== Segment start ==

lemma (in finite_measure) L1_tendsto_bounded_below:
  fixes X :: "real \<Rightarrow> 'a \<Rightarrow> real"
  assumes "x islimpt S"
    and X_int: "\<And>t. t \<in> S - {x} \<Longrightarrow> integrable M (X t)"
    and X_ge: "\<And>t \<omega>. t \<in> S - {x} \<Longrightarrow> \<omega> \<in> space M \<Longrightarrow> c \<le> X t \<omega>"
    and Y: "Y \<in> borel_measurable M"
    and lim: "\<And>\<omega>. \<omega> \<in> space M \<Longrightarrow> ((\<lambda>t. X t \<omega>) \<longlongrightarrow> Y \<omega>) (at x within S)"
    and mean: "((\<lambda>t. \<integral>\<omega>. X t \<omega> \<partial>M) \<longlongrightarrow> (\<integral>\<omega>. Y \<omega> \<partial>M)) (at x within S)"
  shows "L1_tendsto M X Y (at x within S)"
proof -
  define \<mu> where "\<mu> = measure M (space M)"
  have shift: "(\<integral>\<omega>. f \<omega> - c \<partial>M) = (\<integral>\<omega>. f \<omega> \<partial>M) - \<mu> * c" if "integrable M f" for f
    using that by (simp add: \<mu>_def)
  have "at x within S \<noteq> bot"
    using \<open>x islimpt S\<close> trivial_limit_within by blast
  moreover have "\<forall>\<^sub>F t in at x within S. c \<le> X t \<omega>" if "\<omega> \<in> space M" for \<omega>
    unfolding eventually_at_filter using X_ge[OF _ that] by (intro always_eventually) blast
  ultimately have Y_ge: "c \<le> Y \<omega>" if "\<omega> \<in> space M" for \<omega>
    using tendsto_lowerbound[OF lim[OF that]] that by blast
  have seq_lim: "(\<lambda>n. X (ts n) \<omega> - c) \<longlonglongrightarrow> Y \<omega> - c"
    if "\<forall>n. ts n \<in> S - {x}" "ts \<longlonglongrightarrow> x" "\<omega> \<in> space M" for ts \<omega>
  proof -
    have "(\<lambda>n. X (ts n) \<omega>) \<longlonglongrightarrow> Y \<omega>"
      using lim[OF that(3), unfolded tendsto_at_iff_sequentially] that(1,2) unfolding o_def by blast
    then show ?thesis by (rule tendsto_diff[OF _ tendsto_const])
  qed
  have seq_mean: "(\<lambda>n. \<integral>\<omega>. X (ts n) \<omega> - c \<partial>M) \<longlonglongrightarrow> (\<integral>\<omega>. Y \<omega> \<partial>M) - \<mu> * c"
    if ts: "\<forall>n. ts n \<in> S - {x}" "ts \<longlonglongrightarrow> x" for ts
  proof -
    have "(\<lambda>n. \<integral>\<omega>. X (ts n) \<omega> \<partial>M) \<longlonglongrightarrow> (\<integral>\<omega>. Y \<omega> \<partial>M)"
      using mean[unfolded tendsto_at_iff_sequentially] ts unfolding o_def by blast
    then have "(\<lambda>n. (\<integral>\<omega>. X (ts n) \<omega> \<partial>M) - \<mu> * c) \<longlonglongrightarrow> (\<integral>\<omega>. Y \<omega> \<partial>M) - \<mu> * c"
      by (rule tendsto_diff[OF _ tendsto_const])
    moreover have "(\<integral>\<omega>. X (ts n) \<omega> - c \<partial>M) = (\<integral>\<omega>. X (ts n) \<omega> \<partial>M) - \<mu> * c" for n
      using shift X_int ts(1) by blast
    ultimately show ?thesis by simp
  qed
  obtain ts where ts: "\<forall>n. ts n \<in> S - {x}" "ts \<longlonglongrightarrow> x"
    using \<open>x islimpt S\<close> unfolding islimpt_sequential by blast
  have "integrable M (\<lambda>\<omega>. Y \<omega> - c)"
  proof (rule integrable_nonneg_limit)
    show "integrable M (\<lambda>\<omega>. X (ts n) \<omega> - c)" for n
      using X_int ts(1) by simp
    show "0 \<le> X (ts n) \<omega> - c" if "\<omega> \<in> space M" for n \<omega>
      using X_ge[OF _ that] ts(1) by simp
    show "0 \<le> Y \<omega> - c" if "\<omega> \<in> space M" for \<omega>
      using Y_ge[OF that] by simp
    show "(\<lambda>\<omega>. Y \<omega> - c) \<in> borel_measurable M" using Y by simp
    show "(\<lambda>n. X (ts n) \<omega> - c) \<longlonglongrightarrow> Y \<omega> - c" if "\<omega> \<in> space M" for \<omega>
      by (rule seq_lim[OF ts that])
  qed (rule seq_mean[OF ts])
  then have Y_int: "integrable M Y"
    using Bochner_Integration.integrable_add[of M "\<lambda>\<omega>. Y \<omega> - c" "\<lambda>_. c"] by simp
  have "((\<lambda>t. \<integral>\<^sup>+\<omega>. ennreal \<bar>X t \<omega> - Y \<omega>\<bar> \<partial>M) \<longlongrightarrow> 0) (at x within S)"
    unfolding tendsto_at_iff_sequentially o_def
  proof (intro allI impI)
    fix ts assume ts: "\<forall>n. ts n \<in> S - {x}" "ts \<longlonglongrightarrow> x"
    have "(\<lambda>n. \<integral>\<^sup>+\<omega>. ennreal \<bar>(X (ts n) \<omega> - c) - (Y \<omega> - c)\<bar> \<partial>M) \<longlonglongrightarrow> 0"
    proof (rule Scheffe_lemma_nonneg)
      show "integrable M (\<lambda>\<omega>. X (ts n) \<omega> - c)" for n
        using X_int ts(1) by simp
      show "integrable M (\<lambda>\<omega>. Y \<omega> - c)" using Y_int by simp
      show "(\<lambda>n. \<integral>\<omega>. X (ts n) \<omega> - c \<partial>M) \<longlonglongrightarrow> (\<integral>\<omega>. Y \<omega> - c \<partial>M)"
        using seq_mean[OF ts] shift[OF Y_int] by simp
      show "0 \<le> X (ts n) \<omega> - c" if "\<omega> \<in> space M" for n \<omega>
        using X_ge[OF _ that] ts(1) by simp
      show "0 \<le> Y \<omega> - c" if "\<omega> \<in> space M" for \<omega>
        using Y_ge[OF that] by simp
      show "(\<lambda>n. X (ts n) \<omega> - c) \<longlonglongrightarrow> Y \<omega> - c" if "\<omega> \<in> space M" for \<omega>
        by (rule seq_lim[OF ts that])
    qed
    then show "(\<lambda>n. \<integral>\<^sup>+\<omega>. ennreal \<bar>X (ts n) \<omega> - Y \<omega>\<bar> \<partial>M) \<longlonglongrightarrow> 0" by simp
  qed
  moreover have "\<forall>\<^sub>F t in at x within S. integrable M (X t)"
    unfolding eventually_at_filter using X_int by (intro always_eventually) blast
  ultimately show ?thesis
    unfolding L1_tendsto_def using Y_int by blast
qed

== Segment end ==

-- DIRECTIONS FOR THIS TASK --
Wherever the word "islimpt" appears in the records above, copy that line.

-- TASK SOLUTION --
  assumes "x islimpt S"
    using \<open>x islimpt S\<close> trivial_limit_within by blast
    using \<open>x islimpt S\<close> unfolding islimpt_sequential by blast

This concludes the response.